The regular 2-Disc Special Edition is nice and all, but if you're as much of a packaging nut as I am, you're gonna wanna pick up the exclusive Limited Edition with the exclusive steel case and collectible poster artwork. You can get it at Best Buy, and apparently some other store called Future Shop. Basically, it's the same thing as the Special Edition, only a helluva lot cooler. My rating for the DVD, however, strictly applies to the regular 2-Disc. Even though it's not bursting with special features, the quality of the ones at hand are very high. The only thing truly missing is a commentary, which sucks because this is the type of film that could really use one.

Stranger Than Fiction: The True Story of Whitey Bulger, Southie and the Departed (21:06): This cool featurette goes into detail (partially through interviews with the cast/crew) about the Boston mob's rich history, and some of the more prominent people that were a part of it. It also explains the real-life influences that affected the movie and its characters.

Scorsese on Scorsese (1:25:42): From Turner Classic Films, this excellent and in-depth documentary is perfect for anybody who has any interest in the acclaimed director. Scorsese discusses his home life, how it affected his films, and, of course, he also divulges plenty of information regarding his various film work. Unfortunately, this was made back in 2004, so THE DEPARTED is not covered.

Crossing Criminal Cultures (24:02): This featurette (which is a lot like "Stranger Than Fiction," above) revolves around the relation between THE DEPARTED and some of Scorsese's other crime films, as well as the differences between the mob elements. Very interesting stuff.

Additional Scenes (19:23 - with introductions by Martin Scorsese): There are nine deleted and extended scenes, all of which met the chopping block for apparent reasons. Scorsese is informative in his comments, and even though the scenes weren't good enough to be in the final film, they're still worth a look.

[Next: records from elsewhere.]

lemma norm_H21inv_le:
  assumes "f \<in> classBT"
  shows "norm (H21inv f) \<le> 1/144"
proof -
  obtain w where w: "w holomorphic_on ball 0 1" "w ` ball 0 1 \<subseteq> ball 0 1" "w 0 = 0"
    and f': "\<forall>z\<in>ball 0 1. deriv f z = Bfun (w z)"
    using assms unfolding classBT_def subord_def by blast
  obtain \<phi> where \<phi>: "\<phi> holomorphic_on ball 0 1" "\<And>z. w z = z * \<phi> z"
    "\<And>z. norm z < 1 \<Longrightarrow> norm (\<phi> z) \<le> 1"
  proof (rule Schwarz_Lemma_factor[OF w(1,3)])
    show "norm (w z) < 1" if "norm z < 1" for z using w(2) that by (auto simp: image_subset_iff)
  qed blast
  define c where "c = fps_expansion \<phi> 0"
  have "\<phi> has_fps_expansion c"
    unfolding c_def by (rule holomorphic_on_imp_has_fps_expansion[OF \<phi>(1)]) auto
  moreover have "eventually (\<lambda>z. deriv f z = Bfun (z * \<phi> z)) (nhds 0)"
    using f' \<phi>(2) by (intro eventually_nhds_0_disc) simp
  ultimately have H: "H21inv f = hankel_functional (c$0) (c$1) (c$2) / 144"
    by (rule H21inv_eq_hankel_functional)
  obtain d1 d2 where "norm d1 \<le> 1" "norm d2 \<le> 1 - (norm d1)^2"
    "c$1 = of_real (1 - (norm (c$0))^2) * d1"
    "c$2 = of_real (1 - (norm (c$0))^2) * (d2 - cnj (c$0) * d1^2)"
    using Schur_coefficients[OF \<phi>(1)] \<phi>(3) unfolding c_def by auto
  moreover have "norm (c$0) \<le> 1"
    using \<phi>(3)[of 0] fps_nth_fps_expansion[OF \<open>\<phi> has_fps_expansion c\<close>, of 0] by simp
  ultimately have "norm (hankel_functional (c$0) (c$1) (c$2)) \<le> 1"
    using norm_hankel_functional_le_1 by simp
  thus ?thesis unfolding H by (simp add: norm_divide)
qed

lemma has_field_derivative_contour_integral_linepath:
  assumes "convex S" "open S" "f holomorphic_on S" "a \<in> S" "z \<in> S"
  shows "((\<lambda>x. contour_integral (linepath a x) f) has_field_derivative f z) (at z)"
proof -
  obtain g where g: "\<And>x. x \<in> S \<Longrightarrow> (g has_field_derivative f x) (at x within S)"
    using holomorphic_convex_primitive'[OF assms(1-3)] by metis
  have eq: "g x - g a = contour_integral (linepath a x) f" if "x \<in> S" for x
  proof -
    have "closed_segment a x \<subseteq> S" using assms(4) that assms(1) by (rule closed_segment_subset)
    hence "(f has_contour_integral (g (pathfinish (linepath a x)) - g (pathstart (linepath a x))))
             (linepath a x)"
      by (intro contour_integral_primitive[OF g]) auto
    thus ?thesis by (simp add: contour_integral_unique)
  qed
  have "((\<lambda>x. g x - g a) has_field_derivative f z) (at z)"
    using g[OF assms(5)] assms(5)
    by (auto intro!: derivative_eq_intros simp: at_within_open[OF _ assms(2)])
  thus ?thesis by (rule has_field_derivative_transform_within_open[OF _ assms(2,5) eq])
qed

text \<open>Noshiro--Warschawski: along the segment from \<open>z\<close> to \<open>w\<close> the real function
  \<open>Re (f / (w - z))\<close> has derivative \<open>Re f' > 0\<close>, so its values at the ends differ.\<close>

lemma inj_on_if_Re_deriv_pos:
  assumes "convex S"
    and "\<And>z. z \<in> S \<Longrightarrow> (f has_field_derivative f' z) (at z)"
    and "\<And>z. z \<in> S \<Longrightarrow> Re (f' z) > 0"
  shows "inj_on f S"
proof (rule inj_onI, rule ccontr)
  fix z w assume zw: "z \<in> S" "w \<in> S" "f z = f w" "z \<noteq> w"
  define h where "h = (\<lambda>t. Re (f (linepath z w t) / (w - z)))"
  have "h 0 < h 1"
  proof (rule DERIV_pos_imp_increasing[of 0 1 h])
    fix t :: real assume t: "0 \<le> t" "t \<le> 1"
    hence p: "linepath z w t \<in> S"
      using closed_segment_subset[OF zw(1,2) assms(1)] linepath_in_path[of t z w] by auto
    have "((\<lambda>t. f (linepath z w t) / (w - z)) has_vector_derivative f' (linepath z w t)) (at t)"
      using field_vector_diff_chain_at[OF has_vector_derivative_linepath_within assms(2)[OF p]]
        zw(4)
      by (auto simp: o_def intro!: derivative_eq_intros)
    hence "(h has_real_derivative Re (f' (linepath z w t))) (at t)"
      unfolding h_def by (rule has_field_derivative_Re)
    thus "\<exists>y. (h has_real_derivative y) (at t) \<and> y > 0" using assms(3)[OF p] by blast
  qed simp
  thus False using zw(3) by (simp add: h_def linepath_def)
qed

lemma norm_power2_less_1: "norm (z::complex) < 1 \<Longrightarrow> norm (z^2) < 1"
  by (simp add: norm_power power_less_one_iff abs_square_less_1)

lemma holomorphic_Bfun_square: "(\<lambda>t. Bfun (t^2)) holomorphic_on ball 0 1"
proof (rule holomorphic_on_compose_gen[OF _ Bfun_holomorphic, unfolded o_def])
  show "(\<lambda>t. t^2) ` ball 0 1 \<subseteq> {u. \<bar>Im u\<bar> < pi/2}"
    using norm_less_1_imp_strip norm_power2_less_1 by auto
qed (intro holomorphic_intros)

lemma f2_has_field_derivative:
  assumes "norm z < 1"
  shows "(f2 has_field_derivative Bfun (z^2)) (at z)"
  unfolding f2_def[abs_def]
  by (rule has_field_derivative_contour_integral_linepath
        [OF convex_ball open_ball holomorphic_Bfun_square]) (use assms in auto)

lemma deriv_f2: "norm z < 1 \<Longrightarrow> deriv f2 z = Bfun (z^2)"
  using f2_has_field_derivative by (rule DERIV_imp_deriv)

lemma f2_in_classBT: "f2 \<in> classBT"
proof -
  have "f2 holomorphic_on ball 0 1"
    unfolding holomorphic_on_open[OF open_ball] using f2_has_field_derivative by fastforce
  moreover have "inj_on f2 (ball 0 1)"
    by (rule inj_on_if_Re_deriv_pos[OF convex_ball f2_has_field_derivative])
       (use Re_Bfun_pos norm_less_1_imp_strip norm_power2_less_1 in auto)
  moreover have "f2 0 = 0" "deriv f2 0 = 1"
    using deriv_f2[of 0] by (simp_all add: f2_def Bfun_def)
  moreover have "subord (deriv f2) Bfun"
    unfolding subord_def using deriv_f2
    by (intro exI[of _ "\<lambda>z. z^2"])
       (auto intro!: holomorphic_intros norm_power2_less_1)
  ultimately show ?thesis by (simp add: classBT_def classS_def)
qed

lemma H21inv_f2: "H21inv f2 = -1/144"
proof -
  have "eventually (\<lambda>z. deriv f2 z = Bfun (z * z)) (nhds 0)"
    by (intro eventually_nhds_0_disc) (simp add: deriv_f2 power2_eq_square)
  hence "H21inv f2 = hankel_functional 0 1 0 / 144"
    using H21inv_eq_hankel_functional[OF has_fps_expansion_fps_X] by simp
  thus ?thesis by (simp add: hankel_functional_def)
qed

theorem theorem4p2:
  shows "(\<forall>f \<in> classBT. cmod (H21inv f) \<le> 1/144)
         \<and> f2 \<in> classBT \<and> cmod (H21inv f2) = 1/144"
  using norm_H21inv_le f2_in_classBT H21inv_f2 by simp

end
theorem theorem3:
  fixes Acts :: "'s::finite \<Rightarrow> 'a::finite set"
    and P :: "'s \<Rightarrow> 'a \<Rightarrow> 's \<Rightarrow> real"
    and M :: "'w measure" and N :: "'x measure"
    and X :: "nat \<Rightarrow> 'w \<Rightarrow> 'x"
    and f :: "'s \<Rightarrow> 'a \<Rightarrow> 'x \<Rightarrow> real"
    and bstar :: "'s \<Rightarrow> 'a"
    and beta :: "nat \<Rightarrow> 'w \<Rightarrow> 's \<Rightarrow> 'a"
  assumes acts_ne: "\<And>s. Acts s \<noteq> {}"
    and P_nonneg: "\<And>s a s'. a \<in> Acts s \<Longrightarrow> P s a s' \<ge> 0"
    and P_sum: "\<And>s a. a \<in> Acts s \<Longrightarrow> (\<Sum>s'\<in>UNIV. P s a s') = 1"
    and ergodic: "\<And>\<beta>. admissible Acts \<beta> \<Longrightarrow>
        irreducible_chain (pol_mat P \<beta>) \<and> aperiodic_chain (pol_mat P \<beta>)"
    and prob: "prob_space M"
    and X_meas: "\<And>t. X t \<in> measurable M N"
    and X_indep: "prob_space.indep_vars M (\<lambda>_. N) X UNIV"
    and X_ident: "\<And>t. distr M N (X t) = distr M N (X 0)"
    and f_meas: "\<And>s a. a \<in> Acts s \<Longrightarrow> f s a \<in> borel_measurable N"
    and f_bdd: "\<And>s a. a \<in> Acts s \<Longrightarrow>
        bdd_above (f s a ` space N) \<and> bdd_below (f s a ` space N)"
    and bstar_adm: "admissible Acts bstar"
    and bstar_opt: "\<And>\<beta>. admissible Acts \<beta> \<Longrightarrow>
        rho P \<beta> (\<lambda>s a. prob_space.expectation M (\<lambda>\<omega>. f s a (X 0 \<omega>)))
        \<le> rho P bstar (\<lambda>s a. prob_space.expectation M (\<lambda>\<omega>. f s a (X 0 \<omega>)))"
    and gap: "\<And>\<beta>. admissible Acts \<beta> \<Longrightarrow> \<beta> \<noteq> bstar \<Longrightarrow>
        rho P \<beta> (\<lambda>s a. prob_space.expectation M (\<lambda>\<omega>. f s a (X 0 \<omega>)))
        < rho P bstar (\<lambda>s a. prob_space.expectation M (\<lambda>\<omega>. f s a (X 0 \<omega>)))"
    and lpsm: "\<And>n \<omega>. n \<ge> 1 \<Longrightarrow> \<omega> \<in> space M \<Longrightarrow>
        lpsm_choice Acts P (emp_mean f (\<lambda>k. X k \<omega>) n) (beta n \<omega>)"
  shows "(\<integral>\<^sup>+ \<omega>. first_stable (\<lambda>t. beta t \<omega>) bstar \<partial>M) < \<infinity>"
proof -
  interpret prob_space M by (rule prob)
  interpret irreducible_mdp Acts P bstar
    by unfold_locales (use P_nonneg P_sum ergodic bstar_adm in auto)
  define \<mu> where "\<mu> s a = expectation (\<lambda>\<omega>. f s a (X 0 \<omega>))" for s a
  obtain \<epsilon> where \<epsilon>: "\<epsilon> > 0" and stable: "\<And>\<Theta> \<beta>. \<forall>s. \<forall>a\<in>Acts s. \<bar>\<Theta> s a - \<mu> s a\<bar> \<le> \<epsilon> \<Longrightarrow>
      lpsm_choice Acts P \<Theta> \<beta> \<Longrightarrow> \<beta> = bstar"
    using lpsm_choice_stable[of \<mu>] gap unfolding \<mu>_def by blast
  define SA where "SA = {(s, a). a \<in> Acts s}"
  define dev where "dev n = (\<lambda>(s, a). {\<omega>\<in>space M. \<epsilon> \<le> \<bar>emp_mean f (\<lambda>k. X k \<omega>) n s a - \<mu> s a\<bar>})"
    for n
  obtain c where c: "c > 0" "\<And>p n. p \<in> SA \<Longrightarrow> n \<ge> 1 \<Longrightarrow> prob (dev n p) \<le> 2 * exp (- c * real n)"
    using finite_uniform_exp_bound[of SA 2 "\<lambda>p n. prob (dev n p)"]
      empirical_mean_deviation_exp_bound[OF X_meas X_indep X_ident f_meas f_bdd[THEN conjunct1]
        f_bdd[THEN conjunct2] \<epsilon>]
    unfolding SA_def dev_def emp_mean_eq \<mu>_def by fastforce
  show ?thesis
  proof (rule nn_integral_first_stable_finite[of SA c 2 dev])
    show "dev n p \<in> sets M" if "p \<in> SA" for n p
      using that f_meas X_meas unfolding SA_def dev_def by (auto simp: emp_mean_eq) measurable
    show "\<exists>p\<in>SA. \<omega> \<in> dev n p" if "n \<ge> 1" "\<omega> \<in> space M" "beta n \<omega> \<noteq> bstar" for n \<omega>
      using stable[OF _ lpsm[OF that(1,2)]] that(2,3)
      unfolding SA_def dev_def by (force simp: not_le less_imp_le)
  qed (use c in auto)
qed


end
(* Assume the standing assumptions and fix a function $h$ satisfying (h1)–(h4). Let $\tau=\min\{n\ge1:S_n\le0\}$ and suppose $\lim_{x\to\infty}\delta_\tau(x)=0$. Then for every stopping time $\sigma$ (with respect to an admissible filtration) with $\mathbf E\sigma<\infty$, we have $\lim_{x\to\infty}\delta_\sigma(x)=0$.
   Context: Standing assumptions: $\{\xi_n\}_{n\ge1}$ are i.i.d. real random variables with common distribution function $F$ and finite mean $\mathbf E\xi_1=-m<0$. $F$ is long-tailed: $\overline F(x)=1-F(x)>0$ for all $x$, and $\overline F(x-c)/\overline F(x)\to1$ as $x\to\infty$ for every fixed $c>0$. Notation: $S_0=0$ and $S_n=\sum_{i=1}^n\xi_i$. Admissible filtration: stopping times are taken with respect to a filtration $\{\mathcal F_n\}_{n\ge0}$ such that $\xi_n$ is $\mathcal F_n$-measurable and $\xi_{n+1}$ is independent of $\mathcal F_n$. The function $h:\mathbb R_+\to\mathbb R_+$ satisfies: - (h1) $h(x)\le x/2$; - (h2) $h(x)\to\infty$; - (h3) $\overline F(x-h(x))/\overline F(x)\to1$ as $x\to\infty$; - (h4) there exists $x_0$ with $h(x+t)\le h(x)+t$ for all $x\ge x_0$, $t\ge0$. For $x\ge0$, let $\mu(x)=\min\{n:S_n>x\}$, with $\min\emptyset=\infty$. For a stopping time $\sigma$, define $$A_{\sigma,2}(x)=\{\mu(x)\le\sigma,\ S_{\mu(x)-1}>h(x)\},\qquad \delta_\sigma(x)=\sup_{y\ge x}\frac{\mathbf P(A_{\sigma,2}(y))}{\overline F(y)}.$$ *)

theory Defs
  imports "HOL-Probability.Probability"
begin

definition rw :: "(nat \<Rightarrow> 'a \<Rightarrow> real) \<Rightarrow> nat \<Rightarrow> 'a \<Rightarrow> real" where
  "rw \<xi> n \<omega> = (\<Sum>i\<in>{1..n}. \<xi> i \<omega>)"

definition Fbar :: "'a measure \<Rightarrow> (nat \<Rightarrow> 'a \<Rightarrow> real) \<Rightarrow> real \<Rightarrow> real" where
  "Fbar M \<xi> x = measure M {\<omega> \<in> space M. \<xi> 1 \<omega> > x}"

definition mu :: "(nat \<Rightarrow> 'a \<Rightarrow> real) \<Rightarrow> real \<Rightarrow> 'a \<Rightarrow> enat" where
  "mu \<xi> x \<omega> = (if \<exists>n. rw \<xi> n \<omega> > x then enat (LEAST n. rw \<xi> n \<omega> > x) else \<infinity>)"

definition tau :: "(nat \<Rightarrow> 'a \<Rightarrow> real) \<Rightarrow> 'a \<Rightarrow> enat" where
  "tau \<xi> \<omega> = (if \<exists>n. n \<ge> 1 \<and> rw \<xi> n \<omega> \<le> 0
                 then enat (LEAST n. n \<ge> 1 \<and> rw \<xi> n \<omega> \<le> 0) else \<infinity>)"

definition A2 :: "'a measure \<Rightarrow> (nat \<Rightarrow> 'a \<Rightarrow> real) \<Rightarrow> (real \<Rightarrow> real) \<Rightarrow> ('a \<Rightarrow> enat)
    \<Rightarrow> real \<Rightarrow> 'a set" where
  "A2 M \<xi> h \<sigma> x = {\<omega> \<in> space M. \<exists>n. mu \<xi> x \<omega> = enat n \<and> enat n \<le> \<sigma> \<omega>
                                     \<and> rw \<xi> (n - 1) \<omega> > h x}"

definition delta :: "'a measure \<Rightarrow> (nat \<Rightarrow> 'a \<Rightarrow> real) \<Rightarrow> (real \<Rightarrow> real) \<Rightarrow> ('a \<Rightarrow> enat)
    \<Rightarrow> real \<Rightarrow> ereal" where
  "delta M \<xi> h \<sigma> x = (SUP y\<in>{x..}. ereal (measure M (A2 M \<xi> h \<sigma> y) / Fbar M \<xi> y))"

definition admissible_filtration :: "'a measure \<Rightarrow> (nat \<Rightarrow> 'a \<Rightarrow> real) \<Rightarrow> (nat \<Rightarrow> 'a measure) \<Rightarrow> bool" where
  "admissible_filtration M \<xi> F \<longleftrightarrow>
     (\<forall>n. subalgebra M (F n)) \<and>
     (\<forall>n m. n \<le> m \<longrightarrow> sets (F n) \<subseteq> sets (F m)) \<and>
     (\<forall>n\<ge>1. \<xi> n \<in> borel_measurable (F n)) \<and>
     (\<forall>n. prob_space.indep_set M (sets (F n))
             {\<xi> (Suc n) -` A \<inter> space M | A. A \<in> sets borel})"

definition stopping_time_enat :: "'a measure \<Rightarrow> (nat \<Rightarrow> 'a measure) \<Rightarrow> ('a \<Rightarrow> enat) \<Rightarrow> bool" where
  "stopping_time_enat M F \<sigma> \<longleftrightarrow> (\<forall>n::nat. {\<omega> \<in> space M. \<sigma> \<omega> \<le> enat n} \<in> sets (F n))"

end

theory Submission
  imports Defs
begin

text \<open>Decompose a path of A_{\<sigma>,2}(y) at the last time k < \<mu>(y) at which the walk attains its
  running minimum. Then k < \<sigma>, the event {k < \<sigma>, S_k = min_{l \<le> k} S_l} is F_k-measurable, and
  after time k the walk stays above S_k \<le> 0 until it exceeds y - S_k \<ge> y, jumping from a position
  above h(y) - S_k \<ge> h(y - S_k) by (h4). By the Markov property at time k this has conditional
  probability at most P(A_{\<tau>,2}(y - S_k)) \<le> \<delta>_\<tau>(y) Fbar(y). Summing over k gives
  P(A_{\<sigma>,2}(y)) \<le> \<delta>_\<tau>(y) Fbar(y) \<Sum>_k P(\<sigma> > k) = E \<sigma> \<delta>_\<tau>(y) Fbar(y), hence \<delta>_\<sigma> \<le> E \<sigma> \<delta>_\<tau>.\<close>

text \<open>\<open>exits_above \<xi> L H k N W\<close>: the walk started at \<open>W\<close> with steps \<open>\<xi>(k+1), \<xi>(k+2), \<dots>\<close> leaves
  \<open>(0, L]\<close> upwards within \<open>N\<close> steps, from a position above \<open>H\<close>. \<open>exit_prob D N L H s\<close> is the
  probability of this event for i.i.d.\ steps of law \<open>D\<close> started at \<open>s\<close>.\<close>

fun exit_prob :: "real measure \<Rightarrow> nat \<Rightarrow> real \<Rightarrow> real \<Rightarrow> real \<Rightarrow> ennreal" where
  "exit_prob D 0 L H s = 0"
| "exit_prob D (Suc N) L H s = (\<integral>\<^sup>+y. (if L < s + y \<and> H < s then 1 else 0)
      + (if 0 < s + y \<and> s + y \<le> L then exit_prob D N L H (s + y) else 0) \<partial>D)"

fun exits_above :: "(nat \<Rightarrow> 'a \<Rightarrow> real) \<Rightarrow> real \<Rightarrow> real \<Rightarrow> nat \<Rightarrow> nat \<Rightarrow> real \<Rightarrow> 'a \<Rightarrow> bool" where
  "exits_above \<xi> L H k 0 W \<omega> = False"
| "exits_above \<xi> L H k (Suc N) W \<omega> \<longleftrightarrow> (L < W + \<xi> (Suc k) \<omega> \<and> H < W) \<or>
     (0 < W + \<xi> (Suc k) \<omega> \<and> W + \<xi> (Suc k) \<omega> \<le> L \<and> exits_above \<xi> L H (Suc k) N (W + \<xi> (Suc k) \<omega>) \<omega>)"

lemma borel_measurable_exit_prob_triple:
  assumes "sigma_finite_measure D" "sets D = sets borel"
  shows "(\<lambda>z::real\<times>real\<times>real. exit_prob D n (fst z) (fst (snd z)) (snd (snd z)))
    \<in> borel_measurable (borel \<Otimes>\<^sub>M (borel \<Otimes>\<^sub>M borel))"
proof (induction n)
  case 0 then show ?case by simp
next
  case (Suc n)
  interpret D: sigma_finite_measure D by fact
  have [measurable_cong]: "sets D = sets borel" by fact
  have shift: "(\<lambda>p::(real\<times>real\<times>real)\<times>real. (fst (fst p), fst (snd (fst p)), snd (snd (fst p)) + snd p))
     \<in> measurable ((borel \<Otimes>\<^sub>M (borel \<Otimes>\<^sub>M borel)) \<Otimes>\<^sub>M D) (borel \<Otimes>\<^sub>M (borel \<Otimes>\<^sub>M borel))"
    by measurable
  have [measurable]: "(\<lambda>p::(real\<times>real\<times>real)\<times>real.
      exit_prob D n (fst (fst p)) (fst (snd (fst p))) (snd (snd (fst p)) + snd p))
     \<in> borel_measurable ((borel \<Otimes>\<^sub>M (borel \<Otimes>\<^sub>M borel)) \<Otimes>\<^sub>M D)"
    using measurable_compose[OF shift Suc.IH] by simp
  show ?case
    by simp measurable
qed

Also included is the film's Theatrical Trailer.
If you're a fan of Martin Scorsese and blood-splattered crime flicks, it doesn't get much better than THE DEPARTED. This is the kind of film movie buffs like myself have wet dreams about (minus the excessive nudity - drats!). It's got a great cast, an excellent story, a genius director, a terrific script, and an absolutely perfect surprise ending (although that last one's debatable - I know plenty of others who would argue the exact opposite). Next to CHILDREN OF MEN, THE DEPARTED is easily my favorite movie of the year. Only time will tell if it becomes one of my favorites of all-time.